Another notable experience with the self-driving AI: During night driving, the side mirrors were observed being coarsely adjusted while the Mocky prototype was being closely followed by a vehicle with its high-beams on (see video below):

Trying to understand what intern-written-software bug caused the mirror adjustments, Fjord’s engineering team again found that the AI wrote itself a code snippet that was performing ray-tracing calculations to maximize the reflected intensity of the side mirrors back into that driver’s eyes. Needless to say, the interns are gaining a lot of weight by winning pizza bets that their code did not have bugs.

“We now find ourselves at an ethical quandary, though, on whether to deploy the AI in Fjord’s Mocky as is, in order to cull idiotic and selfish behaviors by other human drivers,” said Niessan, “or should we introduce some degree of incompetent-driver tolerance into our algorithms, by sensing, say, that the other driver is in a Subaru or a Volvo and then annealing the AI’s margins.”
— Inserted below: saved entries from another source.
(* There exists a locally finite poset $P$ with a minimum element such that: (a) $P$ has the Möbius nonvanishing property: for every $x\in P$, the set $\{y\in P : \mu_P(x,y)\neq 0\}$ is infinite; and (b) $P$ does not have property $\mathcal{H}_2$: there is a two-element subset $S\subset P$ such that for each $z\in S$ there are only finitely many $x\in P$ with $x\geqslant z$ and $x\not\geqslant y$ for the other element $y\in S\setminus\{z\}$. In particular, $P$ has the Möbius nonvanishing property but does not have the Möbius uncertainty property, i.e. there exist functions $f,g:P\to\mathbb{C}$, neither identically zero, with $g(z)=\sum_{x\leqslant z}f(x)$ for all $z\in P$ and both $\{x: f(x)\neq 0\}$ and $\{x:g(x)\neq0\}$ finite.
   Context: A poset is locally finite if every interval $[x,y]=\{z: x\leqslant z\leqslant y\}$ is finite. The Möbius function $\mu_P$ of $P$ is defined on pairs $x,y\in P$ by $\mu_P(x,y)=1$ if $x=y$, $\mu_P(x,y)=-\sum_{x\leqslant z<y}\mu_P(x,z)$ if $x<y$, and $\mu_P(x,y)=0$ if $x\not\leqslant y$. *)

theory Defs
  imports Complex_Main
begin

text \<open>A poset is represented by an order relation r :: ('a * 'a) set on the
  carrier UNIV :: 'a set, i.e. (x,y) in r means x <= y.\<close>

definition Icc_rel :: "('a \<times> 'a) set \<Rightarrow> 'a \<Rightarrow> 'a \<Rightarrow> 'a set" where
  "Icc_rel r x y = {z. (x, z) \<in> r \<and> (z, y) \<in> r}"

definition locally_finite_rel :: "('a \<times> 'a) set \<Rightarrow> bool" where
  "locally_finite_rel r \<longleftrightarrow> (\<forall>x y. finite (Icc_rel r x y))"

text \<open>The extra condition card (Icc_rel r x z) < card (Icc_rel r x y)
  in the summation range is only a termination device: for a locally finite
  partial order and x <= z < y it always holds, since [x,z] is a proper subset of
  the finite set [x,y].\<close>

function mobius :: "('a \<times> 'a) set \<Rightarrow> 'a \<Rightarrow> 'a \<Rightarrow> int" where
  "mobius r x y =
     (if x = y then 1
      else if (x, y) \<in> r then
        - (\<Sum>z\<in>{z. (x, z) \<in> r \<and> (z, y) \<in> r \<and> z \<noteq> y
                     \<and> card (Icc_rel r x z) < card (Icc_rel r x y)}. mobius r x z)
      else 0)"
  by auto
termination
  by (relation "measure (\<lambda>(r, x, y). card (Icc_rel r x y))") auto

end

theory Submission
  imports Defs
begin

text \<open>Take the ordinal sum of a point and infinitely many two-element antichains:
  on nat, rank the elements {0}, {1, 2}, {3, 4}, ... and let x < y iff rank x < rank y.
  For x < y every rank n strictly between them contributes two elements to the
  interval, so by induction on the rank of y the Moebius function is
  mu(x,y) = -(1 + 2 * sum (-1)^(n - rank x)) = (-1)^(rank y - rank x), which never
  vanishes. Two distinct elements a, b of equal rank have the same strict upper set,
  which kills property H_2, and for the same reason f = g = delta_a - delta_b satisfies
  g(z) = sum of f(x) over x <= z.\<close>

declare mobius.simps [simp del]

definition level_rel :: "('a \<Rightarrow> nat) \<Rightarrow> ('a \<times> 'a) set" where
  "level_rel lv = {(x, y). x = y \<or> lv x < lv y}"

lemma partial_order_level_rel: "partial_order_on UNIV (level_rel lv)"
  unfolding partial_order_on_def preorder_on_def refl_on_def trans_def antisym_def level_rel_def
  by auto

lemma finite_levels_below:
  fixes lv :: "'a \<Rightarrow> nat"
  assumes "\<And>n. finite {z. lv z = n}"
  shows "finite {z. lv z < N}"
proof -
  have "{z. lv z < N} = (\<Union>n<N. {z. lv z = n})"
    by auto
  then show ?thesis
    using assms by simp
qed

lemma finite_down_level_rel:
  fixes lv :: "'a \<Rightarrow> nat"
  assumes "\<And>n. finite {z. lv z = n}"
  shows "finite {x. (x, y) \<in> level_rel lv}"
proof (rule finite_subset)
  show "{x. (x, y) \<in> level_rel lv} \<subseteq> {z. lv z < Suc (lv y)}"
    by (auto simp: level_rel_def)
qed (rule finite_levels_below[OF assms])

lemma locally_finite_level_rel:
  fixes lv :: "'a \<Rightarrow> nat"
  assumes "\<And>n. finite {z. lv z = n}"
  shows "locally_finite_rel (level_rel lv)"
  unfolding locally_finite_rel_def
proof (intro allI)
  fix x y
  have "Icc_rel (level_rel lv) x y \<subseteq> {z. (z, y) \<in> level_rel lv}"
    by (auto simp: Icc_rel_def)
  then show "finite (Icc_rel (level_rel lv) x y)"
    using finite_down_level_rel[OF assms] by (rule finite_subset)
qed

lemma up_diff_level_rel_same_level:
  assumes "lv a = lv b" "a \<noteq> b"
  shows "{x. (a, x) \<in> level_rel lv \<and> (b, x) \<notin> level_rel lv} = {a}"
  using assms by (auto simp: level_rel_def)

lemma sum_down_level_rel_dipole:
  assumes "finite {x. (x, z) \<in> level_rel lv}" "lv a = lv b" "a \<noteq> b"
  shows "(\<Sum>x\<in>{x. (x, z) \<in> level_rel lv}. of_bool (x = a) - of_bool (x = b) :: 'b :: ring_1)
    = of_bool (z = a) - of_bool (z = b)"
proof -
  have "(\<Sum>x\<in>{x. (x, z) \<in> level_rel lv}. of_bool (x = a) - of_bool (x = b) :: 'b)
      = of_bool ((a, z) \<in> level_rel lv) - of_bool ((b, z) \<in> level_rel lv)"
    using assms(1) by (simp add: sum_subtractf)
  also have "\<dots> = of_bool (z = a) - of_bool (z = b)"
    using assms(2,3) by (auto simp: level_rel_def)
  finally show ?thesis .
qed

lemma mobius_refl: "mobius r x x = 1"
  by (subst mobius.simps) simp

lemma mobius_less:
  assumes "partial_order_on UNIV r" "locally_finite_rel r" "(x, y) \<in> r" "x \<noteq> y"
  shows "mobius r x y = - (\<Sum>z\<in>Icc_rel r x y - {y}. mobius r x z)"
proof -
  have "card (Icc_rel r x z) < card (Icc_rel r x y)" if z: "z \<in> Icc_rel r x y - {y}" for z
  proof (rule psubset_card_mono)
    show "finite (Icc_rel r x y)"
      using assms(2) by (simp add: locally_finite_rel_def)
    have "Icc_rel r x z \<subseteq> Icc_rel r x y"
      using z assms(1) unfolding Icc_rel_def partial_order_on_def preorder_on_def trans_def
      by blast
    moreover have "y \<notin> Icc_rel r x z"
      using z assms(1) unfolding Icc_rel_def partial_order_on_def antisym_def by blast
    moreover have "y \<in> Icc_rel r x y"
      using assms(1,3) unfolding Icc_rel_def partial_order_on_def preorder_on_def refl_on_def
      by blast
    ultimately show "Icc_rel r x z \<subset> Icc_rel r x y"
      by blast
  qed
  then have "{z. (x, z) \<in> r \<and> (z, y) \<in> r \<and> z \<noteq> y \<and> card (Icc_rel r x z) < card (Icc_rel r x y)}
      = Icc_rel r x y - {y}"
    by (auto simp: Icc_rel_def)
  then show ?thesis
    using assms(3,4) by (subst mobius.simps) simp
qed

lemma alternating_sum_greaterThanLessThan:
  assumes "a < b"
  shows "1 + 2 * (\<Sum>n\<in>{a<..<b}. (-1::int) ^ (n - a)) = - ((-1) ^ (b - a))"
  using assms
proof (induction b)
  case 0
  then show ?case by simp
next
  case (Suc b)
  show ?case
  proof (cases "a = b")
    case True
    then show ?thesis by simp
  next
    case False
    with Suc.prems have "a < b" by simp
    then have "{a<..<Suc b} = insert b {a<..<b}" "Suc b - a = Suc (b - a)"
      by auto
    then show ?thesis
      using Suc.IH[OF \<open>a < b\<close>] by simp
  qed
qed

lemma mobius_level_rel:
  assumes fin: "\<And>n. finite {z. lv z = n}" and two: "\<And>n. 0 < n \<Longrightarrow> card {z. lv z = n} = 2"
    and "lv x < lv y"
  shows "mobius (level_rel lv) x y = (-1) ^ (lv y - lv x)"
  using assms(3)
proof (induction "lv y" arbitrary: y rule: less_induct)
  case less
  let ?r = "level_rel lv"
  have strict_below: "Icc_rel ?r x y - {y} = insert x (\<Union>n\<in>{lv x<..<lv y}. {z. lv z = n})"
    using less.prems by (auto simp: Icc_rel_def level_rel_def)
  have level_sum: "(\<Sum>z\<in>{z. lv z = n}. mobius ?r x z) = 2 * (-1) ^ (n - lv x)"
    if "n \<in> {lv x<..<lv y}" for n
  proof -
    have "(\<Sum>z\<in>{z. lv z = n}. mobius ?r x z) = (\<Sum>z\<in>{z. lv z = n}. (-1) ^ (n - lv x))"
      using that by (intro sum.cong refl) (auto intro: less.hyps)
    also have "\<dots> = 2 * (-1) ^ (n - lv x)"
      using two[of n] that by simp
    finally show ?thesis .
  qed
  have "mobius ?r x y = - (\<Sum>z\<in>Icc_rel ?r x y - {y}. mobius ?r x z)"
    using less.prems
    by (intro mobius_less partial_order_level_rel locally_finite_level_rel fin)
      (auto simp: level_rel_def)
  also have "\<dots> = - (1 + (\<Sum>z\<in>(\<Union>n\<in>{lv x<..<lv y}. {z. lv z = n}). mobius ?r x z))"
    unfolding strict_below using fin by (simp add: mobius_refl)
  also have "\<dots> = - (1 + (\<Sum>n\<in>{lv x<..<lv y}. \<Sum>z\<in>{z. lv z = n}. mobius ?r x z))"
    using fin by (subst sum.UNION_disjoint) auto
  also have "\<dots> = - (1 + 2 * (\<Sum>n\<in>{lv x<..<lv y}. (-1) ^ (n - lv x)))"
    by (simp add: level_sum sum_distrib_left)
  also have "\<dots> = (-1) ^ (lv y - lv x)"
    using alternating_sum_greaterThanLessThan[OF less.prems] by simp
  finally show ?case .
qed

definition pair_rank :: "nat \<Rightarrow> nat" where
  "pair_rank n = (n + 1) div 2"

lemma pair_rank_level: "0 < k \<Longrightarrow> {n. pair_rank n = k} = {2 * k - 1, 2 * k}"
  unfolding pair_rank_def by auto

lemma finite_pair_rank_level: "finite {n. pair_rank n = k}"
  by (rule finite_subset[of _ "{..2 * k}"]) (auto simp: pair_rank_def)

lemma card_pair_rank_level: "0 < k \<Longrightarrow> card {n. pair_rank n = k} = 2"
  by (simp add: pair_rank_level)

lemma infinite_mobius_nonzero_pair_rank: "infinite {y. mobius (level_rel pair_rank) x y \<noteq> 0}"
proof -
  have "{2 * pair_rank x + 1..} \<subseteq> {y. pair_rank x < pair_rank y}"
    by (auto simp: pair_rank_def)
  also have "\<dots> \<subseteq> {y. mobius (level_rel pair_rank) x y \<noteq> 0}"
    by (auto simp: mobius_level_rel finite_pair_rank_level card_pair_rank_level)
  finally show ?thesis
    using infinite_Ici finite_subset by blast
qed

theorem theorem1p6:
  shows "\<exists>r :: (nat \<times> nat) set.
    partial_order_on UNIV r \<and>
    locally_finite_rel r \<and>
    (\<exists>m. \<forall>x. (m, x) \<in> r) \<and>
    (\<forall>x. infinite {y. mobius r x y \<noteq> 0}) \<and>
    (\<exists>a b. a \<noteq> b \<and>
       finite {x. (a, x) \<in> r \<and> (b, x) \<notin> r} \<and>
       finite {x. (b, x) \<in> r \<and> (a, x) \<notin> r}) \<and>
    (\<exists>f g :: nat \<Rightarrow> complex.
       (\<exists>x. f x \<noteq> 0) \<and> (\<exists>x. g x \<noteq> 0) \<and>
       (\<forall>z. g z = (\<Sum>x\<in>{x. (x, z) \<in> r}. f x)) \<and>
       finite {x. f x \<noteq> 0} \<and> finite {x. g x \<noteq> 0})"
proof (intro exI[of _ "level_rel pair_rank"] conjI allI)
  let ?r = "level_rel pair_rank"
  let ?dipole = "\<lambda>x :: nat. of_bool (x = 1) - of_bool (x = 2) :: complex"
  show "partial_order_on UNIV ?r"
    by (rule partial_order_level_rel)
  show "locally_finite_rel ?r"
    by (intro locally_finite_level_rel finite_pair_rank_level)
  show "\<exists>m. \<forall>x. (m, x) \<in> ?r"
    by (intro exI[of _ 0]) (auto simp: level_rel_def pair_rank_def)
  show "infinite {y. mobius ?r x y \<noteq> 0}" for x
    by (rule infinite_mobius_nonzero_pair_rank)
  show "\<exists>a b. a \<noteq> b \<and> finite {x. (a, x) \<in> ?r \<and> (b, x) \<notin> ?r}
      \<and> finite {x. (b, x) \<in> ?r \<and> (a, x) \<notin> ?r}"
    using up_diff_level_rel_same_level[of pair_rank]
    by (intro exI[of _ 1] exI[of _ 2]) (simp add: pair_rank_def)
  have zeta_dipole: "(\<Sum>x\<in>{x. (x, z) \<in> ?r}. ?dipole x) = ?dipole z" for z
    by (rule sum_down_level_rel_dipole[OF finite_down_level_rel[OF finite_pair_rank_level]])
      (simp_all add: pair_rank_def)
  have dipole_support: "{x. ?dipole x \<noteq> 0} = {1, 2}"
    by auto
  show "\<exists>f g :: nat \<Rightarrow> complex. (\<exists>x. f x \<noteq> 0) \<and> (\<exists>x. g x \<noteq> 0)
      \<and> (\<forall>z. g z = (\<Sum>x\<in>{x. (x, z) \<in> ?r}. f x))
      \<and> finite {x. f x \<noteq> 0} \<and> finite {x. g x \<noteq> 0}"
    using zeta_dipole dipole_support by (intro exI[of _ ?dipole] conjI exI[of _ 1]) simp_all
qed

end
lemma embeds_sibling: "embeds V E (sibling k) E"
proof (rule embeds_blockwise[where f = "shift k" and \<beta> = "shift_index k" and \<gamma> = H_index])
  show "shift k ` V \<subseteq> sibling k"
    using shift_in_sibling by blast
  show "H_index (shift k x) = shift_index k x" for x
    by (rule H_index_shift)
  show "shift_index k x = shift_index k y" if "x \<in> V" "y \<in> V" "E x y" for x y
    using that(3) by (rule shift_index_edge)
  show "H_index x = H_index y" if "E x y" for x y
    using that by (rule H_index_edge)
  show "x = y" if "x \<in> V" "y \<in> V" "shift_index k x = shift_index k y" "shift k x = shift k y"
    for x y
    using shift_on_block that by blast
  show "E (shift k x) (shift k y) \<longleftrightarrow> E x y"
    if "x \<in> V" "y \<in> V" "shift_index k x = shift_index k y" for x y
    using shift_on_block that by blast
qed

lemma equimorphic_sibling: "equimorphic (sibling k) E V E"
  unfolding equimorphic_def using embeds_subset[OF sibling_subset] embeds_sibling by blast
lemma independent_columns_span:
  fixes col :: "'t \<Rightarrow> 'a \<Rightarrow> real"
  assumes fin: "finite S" "finite J" and card: "card S = card J"
    and indep: "\<forall>c. (\<forall>j\<in>J. (\<Sum>t\<in>S. c t * col t j) = 0) \<longrightarrow> (\<forall>t\<in>S. c t = 0)"
  shows "\<exists>c. \<forall>j\<in>J. b j = (\<Sum>t\<in>S. c t * col t j)"
proof -
  define cut where "cut f = (\<lambda>j. if j \<in> J then f j else 0)" for f :: "'a \<Rightarrow> real"
  define unit where "unit j = (\<lambda>i. if i = j then 1 else 0 :: real)" for j :: 'a
  define B where "B = (\<lambda>t. cut (col t)) ` S"
  have cut_unit_sum: "cut f = (\<Sum>j\<in>J. (\<lambda>i. f j * unit j i))" for f
    by (auto simp: fun_eq_iff sum_fun_apply cut_def unit_def if_distrib[of "(*) _"] fin
        cong: if_cong)
  have span_cut: "cut f \<in> fun_space.span (unit ` J)" for f
    unfolding cut_unit_sum[of f]
    by (intro fun_space.span_sum fun_space.span_scale fun_space.span_base) auto
  have inj: "inj_on (\<lambda>t. cut (col t)) S"
  proof (rule inj_onI, rule ccontr)
    fix s t assume st: "s \<in> S" "t \<in> S" "cut (col s) = cut (col t)" "s \<noteq> t"
    define c where "c u = (if u = s then 1 else if u = t then -1 else 0 :: real)" for u
    have "(\<Sum>u\<in>S. c u * col u j) = col s j - col t j" for j
      using st fin by (simp add: c_def if_distrib[of "\<lambda>x. x * _"] sum.If_cases)
    moreover have "col s j = col t j" if "j \<in> J" for j
      using fun_cong[OF st(3), of j] that by (simp add: cut_def)
    ultimately have "\<forall>j\<in>J. (\<Sum>u\<in>S. c u * col u j) = 0" by simp
    then show False using indep st by (force simp: c_def)
  qed
  have eval_B: "(\<Sum>w\<in>B. (\<lambda>i. u w * w i)) j = (\<Sum>t\<in>S. u (cut (col t)) * col t j)"
    if "j \<in> J" for u j
    using that unfolding B_def sum_fun_apply sum.reindex[OF inj] by (simp add: cut_def)
  have indep_B: "fun_space.independent B"
  proof (rule fun_space.independent_if_scalars_zero)
    show "finite B" using fin by (simp add: B_def)
    fix f w assume zero: "(\<Sum>w\<in>B. (\<lambda>i. f w * w i)) = 0" and w: "w \<in> B"
    have "\<forall>j\<in>J. (\<Sum>t\<in>S. f (cut (col t)) * col t j) = 0"
      using eval_B[of _ f] zero by (simp add: zero_fun_def)
    with indep w show "f w = 0" by (auto simp: B_def)
  qed
  have "cut b \<in> fun_space.span B"
  proof (rule ccontr)
    assume b: "cut b \<notin> fun_space.span B"
    then have "fun_space.independent (insert (cut b) B)"
      using indep_B by (rule fun_space.independent_insertI)
    moreover have "insert (cut b) B \<subseteq> fun_space.span (unit ` J)"
      using span_cut by (auto simp: B_def)
    ultimately have "card (insert (cut b) B) \<le> card (unit ` J)"
      using fun_space.independent_span_bound fin by blast
    moreover have "card (insert (cut b) B) = Suc (card J)"
    proof -
      have "cut b \<notin> B" using b fun_space.span_base by blast
      then show ?thesis using card card_image[OF inj] fin by (simp add: B_def)
    qed
    moreover have "card (unit ` J) \<le> card J" by (rule card_image_le) (rule fin)
    ultimately show False by linarith
  qed
  then obtain u where u: "cut b = (\<Sum>w\<in>B. (\<lambda>i. u w * w i))"
    using fun_space.span_finite[of B] fin by (auto simp: B_def)
  show ?thesis
  proof (intro exI ballI)
    fix j assume "j \<in> J"
    then show "b j = (\<Sum>t\<in>S. u (cut (col t)) * col t j)"
      using fun_cong[OF u, of j] eval_B by (simp add: cut_def)
  qed
qed

definition depth :: "(nat \<Rightarrow> nat) \<Rightarrow> nat \<Rightarrow> nat" where
  "depth par i = (LEAST k. (par ^^ k) i = 0)"

lemma depth_parent:
  assumes tree: "is_tree n par" and i: "i \<in> {1..n}"
  shows "depth par i = Suc (depth par (par i))"
proof -
  obtain k where k: "(par ^^ k) i = 0" using tree i unfolding is_tree_def by blast
  have root: "(par ^^ depth par i) i = 0" unfolding depth_def using k by (rule LeastI)
  moreover have "depth par i \<noteq> 0"
    using root i by (metis funpow_0 atLeastAtMost_iff not_one_le_zero)
  ultimately obtain m where m: "depth par i = Suc m" "(par ^^ m) (par i) = 0"
    by (metis comp_apply funpow_Suc_right not0_implies_Suc)
  then have "depth par (par i) \<le> m" unfolding depth_def by (intro Least_le)
  moreover have "(par ^^ Suc (depth par (par i))) i = 0"
    unfolding funpow_Suc_right comp_apply depth_def using m(2) by (rule LeastI)
  then have "depth par i \<le> Suc (depth par (par i))" unfolding depth_def by (rule Least_le)
  ultimately show ?thesis using m(1) by simp
qed

lemma tree_induct_from_leaves [consumes 2, case_names step]:
  assumes tree: "is_tree n par" and i: "i \<in> {1..n}"
    and step: "\<And>i. i \<in> {1..n} \<Longrightarrow> (\<And>k. k \<in> {1..n} \<Longrightarrow> par k = i \<Longrightarrow> P k) \<Longrightarrow> P i"
  shows "P i"
proof -
  define D where "D = Max (depth par ` {1..n})"
  have "i \<in> {1..n} \<longrightarrow> P i"
  proof (induction i rule: measure_induct_rule[where f = "\<lambda>i. D - depth par i"])
    case (less i)
    have "D - depth par k < D - depth par i" if "k \<in> {1..n}" "par k = i" for k
    proof -
      have "depth par k \<le> D" unfolding D_def using that(1) by simp
      then show ?thesis using depth_parent[OF tree that(1)] that(2) by simp
    qed
    with less step show ?case by blast
  qed
  with i show ?thesis by blast
qed

lemma tree_induct_from_root [consumes 2, case_names step]:
  assumes tree: "is_tree n par" and i: "i \<in> {1..n}"
    and step: "\<And>i. i \<in> {1..n} \<Longrightarrow> (par i \<in> {1..n} \<Longrightarrow> P (par i)) \<Longrightarrow> P i"
  shows "P i"
proof -
  have "i \<in> {1..n} \<longrightarrow> P i"
  proof (induction i rule: measure_induct_rule[where f = "depth par"])
    case (less i)
    with step depth_parent[OF tree] show ?case by (metis lessI)
  qed
  with i show ?thesis by blast
qed

lemma parent_neq:
  assumes "is_tree n par" "i \<in> {1..n}"
  shows "par i \<noteq> i"
  using depth_parent[OF assms] by (metis n_not_Suc_n)

definition in_lin_BDF :: "nat \<Rightarrow> (nat \<Rightarrow> nat) \<Rightarrow> (nat \<Rightarrow> real) \<Rightarrow> (nat \<Rightarrow> real)
    \<Rightarrow> df_point \<Rightarrow> bool" where
  "in_lin_BDF n par r x z \<longleftrightarrow> (\<forall>i\<in>{1..n}.
     dP z i = dp z i + (\<Sum>k\<in>{k\<in>{1..n}. par k = i}. dP z k - r k * dl z k) \<and>
     dQ z i = dq z i + (\<Sum>k\<in>{k\<in>{1..n}. par k = i}. dQ z k - x k * dl z k) \<and>
     volt z (par i) = dv z i - 2 * (r i * dP z i + x i * dQ z i) + ((r i)\<^sup>2 + (x i)\<^sup>2) * dl z i)"

lemma in_BDF_imp_in_lin_BDF: "in_BDF n par r x z \<Longrightarrow> in_lin_BDF n par r x z"
  unfolding in_BDF_def in_lin_BDF_def by blast

definition df_comb :: "(nat \<Rightarrow> real) \<Rightarrow> nat set \<Rightarrow> (nat \<Rightarrow> df_point) \<Rightarrow> df_point" where
  "df_comb c S d = \<lparr>dp = \<lambda>i. \<Sum>t\<in>S. c t * dp (d t) i, dq = \<lambda>i. \<Sum>t\<in>S. c t * dq (d t) i,
     dP = \<lambda>i. \<Sum>t\<in>S. c t * dP (d t) i, dQ = \<lambda>i. \<Sum>t\<in>S. c t * dQ (d t) i,
     dl = \<lambda>i. \<Sum>t\<in>S. c t * dl (d t) i, dv = \<lambda>i. \<Sum>t\<in>S. c t * dv (d t) i,
     dv0 = \<Sum>t\<in>S. c t * dv0 (d t)\<rparr>"

definition df_diff :: "df_point \<Rightarrow> df_point \<Rightarrow> df_point" where
  "df_diff a b = \<lparr>dp = \<lambda>i. dp a i - dp b i, dq = \<lambda>i. dq a i - dq b i,
     dP = \<lambda>i. dP a i - dP b i, dQ = \<lambda>i. dQ a i - dQ b i,
     dl = \<lambda>i. dl a i - dl b i, dv = \<lambda>i. dv a i - dv b i, dv0 = dv0 a - dv0 b\<rparr>"

lemma stack_df_comb: "stack n (df_comb c S d) j = (\<Sum>t\<in>S. c t * stack n (d t) j)"
  unfolding stack_def df_comb_def by simp

lemma stack_df_diff: "stack n (df_diff a b) j = stack n a j - stack n b j"
  unfolding stack_def df_diff_def by simp

lemma volt_df_comb: "volt (df_comb c S d) j = (\<Sum>t\<in>S. c t * volt (d t) j)"
  unfolding volt_def df_comb_def by simp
Pricing for the base model Mocky 2WD starts at $39,995, which includes StreamCharge™, dual J-1772 DC charge ports, and the in-frunk fish-poaching pot. Also, $1 order deposits are being accepted on the company’s website at http://www.fjordmotorcompany.com/Mocky/orders as of April 1, 2021. While the cost of the self-driving option was not revealed by Fjord at press time, Lief assured us that active members of the Open Source community who deliver more than 500 lines of useful code to GitHub would receive the coveted autonomous EV option at no cost.